Version one of ArchivesZ only used finding aids from the University of Maryland and the Library of Congress. This was definitely a case of the path of least resistance. I attend the University of Maryland and the Library of Congress has a very convenient page providing links to all their Finding Aids source XML files. A very key aspect of creating version 2 of ArchivesZ is making sure that the scripts that pull data from EAD XML files is robust enough to handle the encoding practices of a very diverse range of institutions.
Please keep in mind that OSU is likely to bear the brunt of many basic data issues that I would have unearthed with whatever data sets I tried first!
There are 3 crucial data elements on which the visualizations of ArchivesZ depend: subject, inclusive dates, and collection size. Each element presents unique challenges. The script parsing issues I am uncovering with the OSU finding aids are currently worst for collection size. In order to make pretty charts which let people compare the quantity of materials in each collection (or record group – please forgive that I use the term ‘collection’ to mean any set of records for which a finding aid has been created), we need to be able to assign a single number to represent the size of each collection. Based on the values used in the LOC and UMD finding aids, we chose to go with linear of feet as our standard unit of measurement. So the trick is to translate whatever archivists choose to put into the <physdesc> element of their finding aid into some number of linear feet.
These are the size conversion rules we implemented for version 1 of ArchivesZ:
- 1 microfilm reel = 1 linear foot
- Collections represented only by a number of items will be represented as .25 linear feet
- If size only specified in number of boxes, then 1 box = .5 linear feet
- When the size is given in some different types of units, they are prioritized in the following order: linear feet > boxes > microfilm reels > items
This works reasonably well when the physical description values are simple – it starts to fall apart when what is entered is more complicated. Here are some examples of the physical descriptions in the OSU finding aids:
Guide to the Phi Kappa Phi-OSU Chapter Records: The display in the ‘pretty’ version of the finding aid online shows this: 5.5 cubic feet (9 boxes, including 2 oversize boxes) (3 microfilm reels)
The version in the XML file is this:
<extent>5.5 cubic feet</extent>
<extent>9 boxes, including 2 oversize boxes</extent>
<extent>3 microfilm reels</extent>
With the current algorithm, this finding aid would be marked as being 3 linear feet in size. At a bare minimum, I must add ‘cubic feet’ as another unit to be converted. More difficult to discern is if I should have a value of 5.5 linear feet (assuming 1 cubic foot = 1 linear foot for the purposes of these comparisons) or a value of 8.5 linear feet (5.5 + 3 linear feet for the 3 microfilm reels). There is never going to be a perfect answer here, but clearly my logic needs to be more sophisticated than it is now.
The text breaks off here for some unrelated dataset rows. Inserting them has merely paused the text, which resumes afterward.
definition closure1 :: "table \<Rightarrow> table set" where
  "closure1 T = {Jrep \<nu> (Idel D T) | D \<nu>. D \<subseteq> At T \<and>
      (\<forall>v. length v = card (At T - D) \<and> set v \<subseteq> {0, 1} \<longrightarrow> \<nu> v \<noteq> {} \<and> finite (\<nu> v))}"

definition closure :: "table set \<Rightarrow> table set" where
  "closure A = (\<Union>T \<in> A. closure1 T)"

definition closed_class :: "table set \<Rightarrow> bool" where
  "closed_class A \<longleftrightarrow> A \<noteq> {} \<and> A \<subseteq> M2 \<and> closure A = A"

definition nontrivial :: "table set \<Rightarrow> bool" where
  "nontrivial A \<longleftrightarrow> (\<exists>T \<in> A. T \<noteq> Lambda)"

text \<open>A non-root node: a terminal node labeled with a decision, or a node labeled with
an attribute with a list of outgoing edges (edge label, subtree). A 2-decision tree is
the (nonempty) list of subtrees hanging from the unlabeled root.\<close>

datatype dnode = Leaf nat | Node nat "(nat \<times> dnode) list"

type_synonym dtree = "dnode list"

inductive wf_node :: "dnode \<Rightarrow> bool" where
  "wf_node (Leaf d)"
| "cs \<noteq> [] \<Longrightarrow> (\<And>\<delta> c. (\<delta>, c) \<in> set cs \<Longrightarrow> \<delta> \<in> {0, 1} \<and> wf_node c) \<Longrightarrow> wf_node (Node f cs)"

inductive det_node :: "dnode \<Rightarrow> bool" where
  "det_node (Leaf d)"
| "distinct (map fst cs) \<Longrightarrow> (\<And>\<delta> c. (\<delta>, c) \<in> set cs \<Longrightarrow> det_node c) \<Longrightarrow> det_node (Node f cs)"

inductive node_attr :: "dnode \<Rightarrow> nat \<Rightarrow> bool" where
  "node_attr (Node f cs) f"
| "(\<delta>, c) \<in> set cs \<Longrightarrow> node_attr c g \<Longrightarrow> node_attr (Node f cs) g"

inductive node_path :: "dnode \<Rightarrow> word \<Rightarrow> nat \<Rightarrow> bool" where
  "node_path (Leaf d) [] d"
| "(\<delta>, c) \<in> set cs \<Longrightarrow> node_path c w d \<Longrightarrow> node_path (Node f cs) ((f, \<delta>) # w) d"
(* Let $k$ and $r$ be positive integers such that $r \mid k$ and $k > r$. Then $$S_{\mathfrak{z},2}(k;r) = rk - 2r + 1.$$
   Context: Let $\mathcal{E}$ denote the equation $x_1 + x_2 + \cdots + x_{k-1} = x_k$, whose solutions are taken in positive integers. For positive integers $k, r$ with $r \mid k$, $S_{\mathfrak{z},2}(k;r)$ is defined as the least positive integer $t$ such that for every 2-coloring $\chi : \{1, 2, \ldots, t\} \to \{0,1\}$ there exists a solution $(\hat{x}_1, \ldots, \hat{x}_k)$ of $\mathcal{E}$ with all $\hat{x}_i \in \{1, \ldots, t\}$ satisfying $\sum_{i=1}^k \chi(\hat{x}_i) \equiv 0 \pmod r$. *)

theory Defs
  imports Main
begin

definition is_solution_in :: "nat \<Rightarrow> nat \<Rightarrow> (nat \<Rightarrow> nat) \<Rightarrow> bool" where
  "is_solution_in k t x \<longleftrightarrow>
     (\<forall>i\<in>{1..k}. x i \<in> {1..t}) \<and> (\<Sum>i=1..k-1. x i) = x k"

definition zs_property :: "nat \<Rightarrow> nat \<Rightarrow> nat \<Rightarrow> bool" where
  "zs_property k r t \<longleftrightarrow>
     (\<forall>\<chi> :: nat \<Rightarrow> nat. (\<forall>n\<in>{1..t}. \<chi> n \<in> {0,1}) \<longrightarrow>
        (\<exists>x. is_solution_in k t x \<and> r dvd (\<Sum>i=1..k. \<chi> (x i))))"

definition S_z2 :: "nat \<Rightarrow> nat \<Rightarrow> nat" where
  "S_z2 k r = (LEAST t. 0 < t \<and> zs_property k r t)"

end

theory Submission
  imports Defs
begin

text \<open>
  Lower bound: color n by 1 exactly when n \<ge> k - 1. In a solution the entry x_k is then
  colored 1, and each summand of color 1 adds at least k - 2 to x_k beyond the minimum k - 1;
  a color sum divisible by r needs r - 1 such summands, so x_k \<ge> (k - 1) + (k - 2)(r - 1) = rk - 2r + 1.

  Upper bound: since r divides k, swapping the two colors turns the color sum s into k - s,
  so we may assume that 1 has color 0. All witnesses have a left-hand side made of p copies
  of a, q copies of b and ones; a case analysis on the colors of k - 1, t, 2, 3 and of a few
  derived numbers always finds one whose color sum is 0 or r.
\<close>

lemma sum_three_blocks:
  fixes g :: "nat \<Rightarrow> nat"
  assumes "p + q \<le> n"
  shows "(\<Sum>i=1..n. g (if i \<le> p then a else if i \<le> p + q then b else c)) =
           p * g a + q * g b + (n - p - q) * g c"
proof -
  define h where "h i = g (if i \<le> p then a else if i \<le> p + q then b else c)" for i
  obtain l where n: "n = p + q + l" using assms le_Suc_ex by blast
  have "sum h {1..n} = sum h {1..p} + sum h {p+1..p+q} + sum h {p+q+1..p+q+l}"
    unfolding n using sum.ub_add_nat[of 1 p h "q + l"] sum.ub_add_nat[of "p+1" "p+q" h l]
    by (simp add: add.assoc)
  also have "\<dots> = p * g a + q * g b + l * g c"
    by (simp add: h_def)
  finally show ?thesis unfolding h_def n by simp
qed

definition has_zero_sum_solution :: "nat \<Rightarrow> nat \<Rightarrow> nat \<Rightarrow> (nat \<Rightarrow> nat) \<Rightarrow> bool" where
  "has_zero_sum_solution k r t \<chi> \<longleftrightarrow>
     (\<exists>x. is_solution_in k t x \<and> r dvd (\<Sum>i=1..k. \<chi> (x i)))"

lemma zs_property_iff:
  "zs_property k r t \<longleftrightarrow>
     (\<forall>\<chi>. (\<forall>n\<in>{1..t}. \<chi> n \<in> {0,1}) \<longrightarrow> has_zero_sum_solution k r t \<chi>)"
  unfolding zs_property_def has_zero_sum_solution_def ..

lemma has_zero_sum_solution_blocks:
  assumes "p + q < k" and "a \<in> {1..t}" and "b \<in> {1..t}" and "X \<in> {1..t}"
    and "X = p * a + q * b + (k - 1 - p - q)"
    and "\<chi> 1 = 0" and "r dvd p * \<chi> a + q * \<chi> b + \<chi> X"
  shows "has_zero_sum_solution k r t \<chi>"
proof -
  define x where "x i = (if i \<le> p then a else if i \<le> p + q then b else if i < k then 1 else X)" for i
  have init: "(\<Sum>i=1..k-1. g (x i)) = p * g a + q * g b + (k - 1 - p - q) * g 1" for g :: "nat \<Rightarrow> nat"
  proof -
    have "(\<Sum>i=1..k-1. g (x i)) = (\<Sum>i=1..k-1. g (if i \<le> p then a else if i \<le> p + q then b else 1))"
      by (intro sum.cong) (auto simp: x_def)
    then show ?thesis using sum_three_blocks[of p q "k - 1"] assms(1) by simp
  qed
  have "x k = X" using assms(1) by (simp add: x_def)
  then have "is_solution_in k t x"
    using init[of id] assms(1-5) unfolding is_solution_in_def by (auto simp: x_def)
  moreover have "(\<Sum>i=1..k. \<chi> (x i)) = p * \<chi> a + q * \<chi> b + \<chi> X"
  proof -
    obtain k' where "k = Suc k'" using assms(1) by (cases k) auto
    then have "(\<Sum>i=1..k. \<chi> (x i)) = (\<Sum>i=1..k-1. \<chi> (x i)) + \<chi> (x k)" by simp
    then show ?thesis using init[of \<chi>] \<open>x k = X\<close> \<open>\<chi> 1 = 0\<close> by simp
  qed
  ultimately show ?thesis
    using assms(7) unfolding has_zero_sum_solution_def by metis
qed

lemma has_zero_sum_solution_complement:
  assumes "r dvd k" and coloring: "\<forall>n\<in>{1..t}. \<chi> n \<in> {0,1}"
    and "has_zero_sum_solution k r t (\<lambda>n. 1 - \<chi> n)"
  shows "has_zero_sum_solution k r t \<chi>"
proof -
  obtain x where x: "is_solution_in k t x" and dvd: "r dvd (\<Sum>i=1..k. 1 - \<chi> (x i))"
    using assms(3) unfolding has_zero_sum_solution_def by blast
  have le1: "\<chi> (x i) \<le> 1" if "i \<in> {1..k}" for i
    using x coloring that unfolding is_solution_in_def by fastforce
  then have "(\<Sum>i=1..k. \<chi> (x i)) \<le> k"
    using sum_mono[of "{1..k}" "\<lambda>i. \<chi> (x i)" "\<lambda>_. 1"] by simp
  moreover have "(\<Sum>i=1..k. 1 - \<chi> (x i)) = k - (\<Sum>i=1..k. \<chi> (x i))"
    using sum_subtractf_nat[of "{1..k}" "\<lambda>i. \<chi> (x i)" "\<lambda>_. 1"] le1 by simp
  ultimately have "r dvd (\<Sum>i=1..k. \<chi> (x i))"
    using dvd \<open>r dvd k\<close> dvd_diff_nat[of r k "k - (\<Sum>i=1..k. \<chi> (x i))"] by simp
  then show ?thesis using x unfolding has_zero_sum_solution_def by blast
qed

lemma has_zero_sum_solution_modulus_2:
  assumes "k = 2 * m" and "2 \<le> m" and "t = 2 * k - 2 * 2 + 1"
    and "\<chi> 1 = 0" and "\<chi> t = 0"
  shows "has_zero_sum_solution k 2 t \<chi>"
proof (rule has_zero_sum_solution_blocks)
  show "t = 2 * m + 0 * 1 + (k - 1 - 2 - 0)" using assms(1-3) by simp
qed (use assms in auto)

lemma has_zero_sum_solution_modulus_ge_3:
  assumes "3 \<le> r" and "k = r * m" and "2 \<le> m" and "t = r * k - 2 * r + 1"
    and coloring: "\<forall>n\<in>{1..t}. \<chi> n \<in> {0,1}" and "\<chi> 1 = 0" and "\<chi> t = 0"
  shows "has_zero_sum_solution k r t \<chi>"
proof -
  obtain s j where r: "r = s + 3" and m: "m = j + 2"
    using assms(1,3) le_Suc_ex by (metis add.commute)
  have k1: "k - 1 = s*j + 2*s + 3*j + 5" using assms(2) r m by (simp add: algebra_simps)
  have t: "t = s*s*j + 2*s*s + 6*s*j + 10*s + 9*j + 13"
    using assms(2,4) r m by (simp add: algebra_simps)
  \<comment> \<open>v \<equiv> 5 (mod r) makes r divide t - c - (k - 2 - r), so that w below is an integer.\<close>
  define v d where "v = 5 mod r" and "d = 5 div r"
  have "v < r" using r by (simp add: v_def)
  have d1: "d \<le> 1" using div_le_mono2[of 3 r 5] assms(1) by (simp add: d_def)
  have vd: "r * d + v = 5" by (simp add: v_def d_def)
  define z c w where "z = k - 1 - m" and "c = k + r - 2 + v" and "w = k - 2 - 2 * m + d"
  have in_t: "3 \<in> {1..t}" "2 \<in> {1..t}" "t \<in> {1..t}" using t by auto
  have in_zc: "z \<in> {1..t}" "c \<in> {1..t}" using t k1 r m \<open>v < r\<close> by (auto simp: z_def c_def)
  have in_w: "w \<in> {1..t}"
  proof -
    have "s = 0 \<Longrightarrow> d = 1" using vd \<open>v < r\<close> r by auto
    then have "1 \<le> 2 * s + d" by (cases "s = 0") auto
    then show ?thesis using t k1 r m d1 by (auto simp: w_def)
  qed
  have e_z3: "t = 1 * 3 + r * z + (k - 1 - 1 - r)"
    using k1 t r m by (simp add: z_def algebra_simps)
  have e_z2: "t = 2 * 2 + r * z + (k - 1 - 2 - r)"
    using k1 t r m by (simp add: z_def algebra_simps)
  have e_c: "c = (r - 1 - v) * 2 + v * 3 + (k - 1 - (r - 1 - v) - v)"
    using k1 r \<open>v < r\<close> by (simp add: c_def diff_mult_distrib)
  have e_w: "t = 1 * c + r * w + (k - 1 - 1 - r)"
  proof -
    have "c = s*j + 3*s + 3*j + 7 + v" "w = s*j + 2*s + j + d" "k - 1 - 1 - r = s*j + s + 3*j + 1"
      using k1 r m by (auto simp: c_def w_def)
    moreover have "s*d + 3*d + v = 5" using vd r by (simp add: algebra_simps)
    ultimately show ?thesis using t r by (simp add: algebra_simps)
  qed
  have short: "1 + r < k" "2 + r < k" "(r - 1 - v) + v < k" using k1 r \<open>v < r\<close> by auto
  have "\<chi> 2 \<in> {0,1}" "\<chi> 3 \<in> {0,1}" "\<chi> c \<in> {0,1}" using coloring in_t in_zc by auto
  then consider "\<chi> 3 = 0" | "\<chi> 2 = 0" | "\<chi> 2 = 1" "\<chi> 3 = 1" "\<chi> c = 1" | "\<chi> c = 0"
    by auto
  then show ?thesis
  proof cases
    case 1
    then show ?thesis
      using has_zero_sum_solution_blocks[OF short(1) in_t(1) in_zc(1) in_t(3) e_z3] assms(6,7) by simp
  next
    case 2
    then show ?thesis
      using has_zero_sum_solution_blocks[OF short(2) in_t(2) in_zc(1) in_t(3) e_z2] assms(6,7) by simp
  next
    case 3
    then have "p * \<chi> 2 + v * \<chi> 3 + \<chi> c = r" if "p = r - 1 - v" for p
      using that \<open>v < r\<close> by simp
    then show ?thesis
      using has_zero_sum_solution_blocks[OF short(3) in_t(2) in_t(1) in_zc(2) e_c] assms(6) by simp
  next
    case 4
    then show ?thesis
      using has_zero_sum_solution_blocks[OF short(1) in_zc(2) in_w in_t(3) e_w] assms(6,7) by simp
  qed
qed

lemma has_zero_sum_solution_if_color_of_1_is_0:
  assumes "0 < r" and "k = r * m" and "2 \<le> m" and "t = r * k - 2 * r + 1"
    and coloring: "\<forall>n\<in>{1..t}. \<chi> n \<in> {0,1}" and "\<chi> 1 = 0"
  shows "has_zero_sum_solution k r t \<chi>"
proof -
  obtain s j where r: "r = s + 1" and m: "m = j + 2"
    using assms(1,3) le_Suc_ex by (metis Suc_eq_plus1 Suc_pred add.commute)
  have k1: "k - 1 = s*j + 2*s + j + 1" using assms(2) r m by (simp add: algebra_simps)
  have t: "t = s*s*j + 2*s*s + 2*s*j + 2*s + j + 1"
    using assms(2,4) r m by (simp add: algebra_simps)
  have in_t: "1 \<in> {1..t}" "k - 1 \<in> {1..t}" "t \<in> {1..t}" using k1 t by auto
  have "\<chi> (k - 1) \<in> {0,1}" "\<chi> t \<in> {0,1}" using coloring in_t by auto
  then consider "\<chi> (k - 1) = 0" | "\<chi> (k - 1) = 1" "\<chi> t = 1" | "\<chi> (k - 1) = 1" "\<chi> t = 0"
    by auto
  then show ?thesis
  proof cases
    case 1
    have "k - 1 = 0 * 1 + 0 * 1 + (k - 1 - 0 - 0)" by simp
    from has_zero_sum_solution_blocks[OF _ in_t(1) in_t(1) in_t(2) this]
    show ?thesis using 1 assms(6) k1 by simp
  next
    case 2
    have "t = (r - 1) * (k - 1) + 0 * 1 + (k - 1 - (r - 1) - 0)"
      using k1 t r by (simp add: algebra_simps)
    from has_zero_sum_solution_blocks[OF _ in_t(2) in_t(1) in_t(3) this]
    show ?thesis using 2 assms(6) k1 r by simp
  next
    case 3
    have "r \<noteq> 1"
    proof
      assume "r = 1"
      then have "t = k - 1" using k1 t r by simp
      with 3 show False by simp
    qed
    then consider "r = 2" | "3 \<le> r" using assms(1) by linarith
    then show ?thesis
    proof cases
      case 1
      then show ?thesis using has_zero_sum_solution_modulus_2 assms 3 by simp
    next
      case 2
      then show ?thesis using has_zero_sum_solution_modulus_ge_3 assms 3 by simp
    qed
  qed
qed

lemma zs_property_at_bound:
  assumes "0 < r" and "r dvd k" and "r < k"
  shows "zs_property k r (r * k - 2 * r + 1)"
  unfolding zs_property_iff
proof (intro allI impI)
  fix \<chi> :: "nat \<Rightarrow> nat"
  let ?t = "r * k - 2 * r + 1"
  assume coloring: "\<forall>n\<in>{1..?t}. \<chi> n \<in> {0,1}"
  obtain m where k: "k = r * m" using assms(2) by blast
  moreover have "m \<noteq> 0" "m \<noteq> 1" using k assms(3) by auto
  ultimately have "2 \<le> m" by linarith
  note normalized = has_zero_sum_solution_if_color_of_1_is_0[OF assms(1) k this refl]
  show "has_zero_sum_solution k r ?t \<chi>"
  proof (cases "\<chi> 1 = 0")
    case True
    then show ?thesis using normalized coloring by blast
  next
    case False
    with coloring[rule_format, of 1] have "\<chi> 1 = 1" by auto
    moreover have "\<forall>n\<in>{1..?t}. 1 - \<chi> n \<in> {0,1}" using coloring by auto
    ultimately have "has_zero_sum_solution k r ?t (\<lambda>n. 1 - \<chi> n)"
      using normalized by simp
    then show ?thesis using has_zero_sum_solution_complement assms(2) coloring by blast
  qed
qed

lemma threshold_coloring_forces_bound:
  assumes "0 < r" and "2 \<le> k" and "has_zero_sum_solution k r t (\<lambda>n. if k - 1 \<le> n then 1 else 0)"
  shows "r * k - 2 * r + 1 \<le> t"
proof -
  define \<chi> :: "nat \<Rightarrow> nat" where "\<chi> n = (if k - 1 \<le> n then 1 else 0)" for n
  obtain x where x: "is_solution_in k t x" and dvd: "r dvd (\<Sum>i=1..k. \<chi> (x i))"
    using assms(3) unfolding has_zero_sum_solution_def \<chi>_def by blast
  have range: "\<forall>i\<in>{1..k}. x i \<in> {1..t}" and last: "(\<Sum>i=1..k-1. x i) = x k"
    using x unfolding is_solution_in_def by auto
  define J where "J = (\<Sum>i=1..k-1. \<chi> (x i))"
  have "(k - 1) + (k - 2) * J = (\<Sum>i=1..k-1. 1) + (\<Sum>i=1..k-1. (k - 2) * \<chi> (x i))"
    by (simp add: J_def sum_distrib_left)
  also have "\<dots> = (\<Sum>i=1..k-1. 1 + (k - 2) * \<chi> (x i))"
    by (rule sum.distrib[symmetric])
  also have "\<dots> \<le> (\<Sum>i=1..k-1. x i)"
    using range by (intro sum_mono) (auto simp: \<chi>_def)
  finally have low: "(k - 1) + (k - 2) * J \<le> x k"
    using last by simp
  then have "\<chi> (x k) = 1" by (simp add: \<chi>_def)
  moreover have "(\<Sum>i=1..k. \<chi> (x i)) = J + \<chi> (x k)"
    using assms(2) by (cases k) (simp_all add: J_def)
  ultimately have "r \<le> J + 1" using dvd by (simp add: dvd_imp_le)
  then have "(k - 1) + (k - 2) * (r - 1) \<le> x k"
    using low mult_le_mono2[of "r - 1" J "k - 2"] by linarith
  moreover have "(k - 1) + (k - 2) * (r - 1) = r * k - 2 * r + 1"
  proof -
    obtain a b where "k = a + 2" "r = b + 1"
      using assms(1,2) le_Suc_ex by (metis Suc_eq_plus1 Suc_pred add.commute)
    then show ?thesis by (simp add: algebra_simps)
  qed
  moreover have "x k \<le> t" using range assms(2) by auto
  ultimately show ?thesis by linarith
qed

theorem theorem3:
  fixes k r :: nat
  assumes "0 < k" and "0 < r" and "r dvd k" and "k > r"
  shows "S_z2 k r = r * k - 2 * r + 1"
  unfolding S_z2_def
proof (rule Least_equality)
  show "0 < r * k - 2 * r + 1 \<and> zs_property k r (r * k - 2 * r + 1)"
    using zs_property_at_bound assms(2-4) by simp
next
  fix t
  assume "0 < t \<and> zs_property k r t"
  then have "has_zero_sum_solution k r t (\<lambda>n. if k - 1 \<le> n then 1 else 0)"
    unfolding zs_property_iff by simp
  then show "r * k - 2 * r + 1 \<le> t"
    using threshold_coloring_forces_bound assms(2,4) by simp
qed

end
lemma sigma_pow_in_colspace_add_row:
  fixes A :: "nat \<Rightarrow> nat \<Rightarrow> nat \<Rightarrow> 'k"
  assumes "sigma_pow_in_colspace q r c m A" "i < r" "k < r" "i \<noteq> k"
  shows "sigma_pow_in_colspace q r c m (\<lambda>a b. if a = i then sadd (A i b) (smul q y (A k b)) else A a b)"
  unfolding sigma_pow_in_colspace_def
proof
  fix \<kappa> :: "nat \<Rightarrow> 'k"
  obtain x where x: "\<forall>b<r. \<forall>n\<le>m. smatvec q c A x b n = (if n = m then (\<kappa>(i := \<kappa> i - y 0 * \<kappa> k)) b else 0)"
    using assms(1) unfolding sigma_pow_in_colspace_def by blast
  have row_i: "smatvec q c (\<lambda>a b. if a = i then sadd (A i b) (smul q y (A k b)) else A a b) x i n
      = smatvec q c A x i n + smul q y (smatvec q c A x k) n" for n
    by (simp add: smatvec_def smul_assoc smul_sum_right smul_sadd_left sadd_def sum.distrib)
  have row_k_low: "\<forall>n\<le>m. smul q y (smatvec q c A x k) n = (if n = m then y 0 * \<kappa> k else 0)"
    by (rule smul_lowest_coeff) (use x assms in auto)
  show "\<exists>x. \<forall>b<r. \<forall>n\<le>m.
      smatvec q c (\<lambda>a b. if a = i then sadd (A i b) (smul q y (A k b)) else A a b) x b n
        = (if n = m then \<kappa> b else 0)"
  proof (intro exI[of _ x] allI impI)
    fix b n assume "b < r" "n \<le> m"
    moreover have "smatvec q c (\<lambda>a b. if a = i then sadd (A i b) (smul q y (A k b)) else A a b) x b
        = smatvec q c A x b" if "b \<noteq> i"
      using that by (simp add: smatvec_def)
    ultimately show "smatvec q c (\<lambda>a b. if a = i then sadd (A i b) (smul q y (A k b)) else A a b) x b n
        = (if n = m then \<kappa> b else 0)"
      using x assms row_i row_k_low by (cases "b = i") auto
  qed
qed

text \<open>Column operations are invertible changes of the vector \<open>x\<close>.\<close>
lemma sigma_pow_in_colspace_col_opI:
  fixes A A' :: "nat \<Rightarrow> nat \<Rightarrow> nat \<Rightarrow> 'k"
  assumes "sigma_pow_in_colspace q r c m A" and "\<And>x. \<exists>x'. \<forall>b<r. smatvec q c A' x' b = smatvec q c A x b"
  shows "sigma_pow_in_colspace q r c m A'"
  unfolding sigma_pow_in_colspace_def
proof
  fix \<kappa> :: "nat \<Rightarrow> 'k"
  obtain x where x: "\<forall>b<r. \<forall>n\<le>m. smatvec q c A x b n = (if n = m then \<kappa> b else 0)"
    using assms(1) unfolding sigma_pow_in_colspace_def by blast
  obtain x' where "\<forall>b<r. smatvec q c A' x' b = smatvec q c A x b"
    using assms(2) by blast
  with x show "\<exists>x. \<forall>b<r. \<forall>n\<le>m. smatvec q c A' x b n = (if n = m then \<kappa> b else 0)"
    by (intro exI[of _ x']) simp
qed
Harvey L. McAlister Collection: The display in the pretty version of this finding aid online is this: 1 cubic foot, including 26 photographs (4 boxes, including 2 oversize boxes, and 1 map folder)
The version in the XML file is this:
<extent encodinganalog="300$a">1 cubic foot, including 26 photographs</extent>
<extent encodinganalog="300$a">4 boxes, including 2 oversize boxes, and 1 map folder</extent>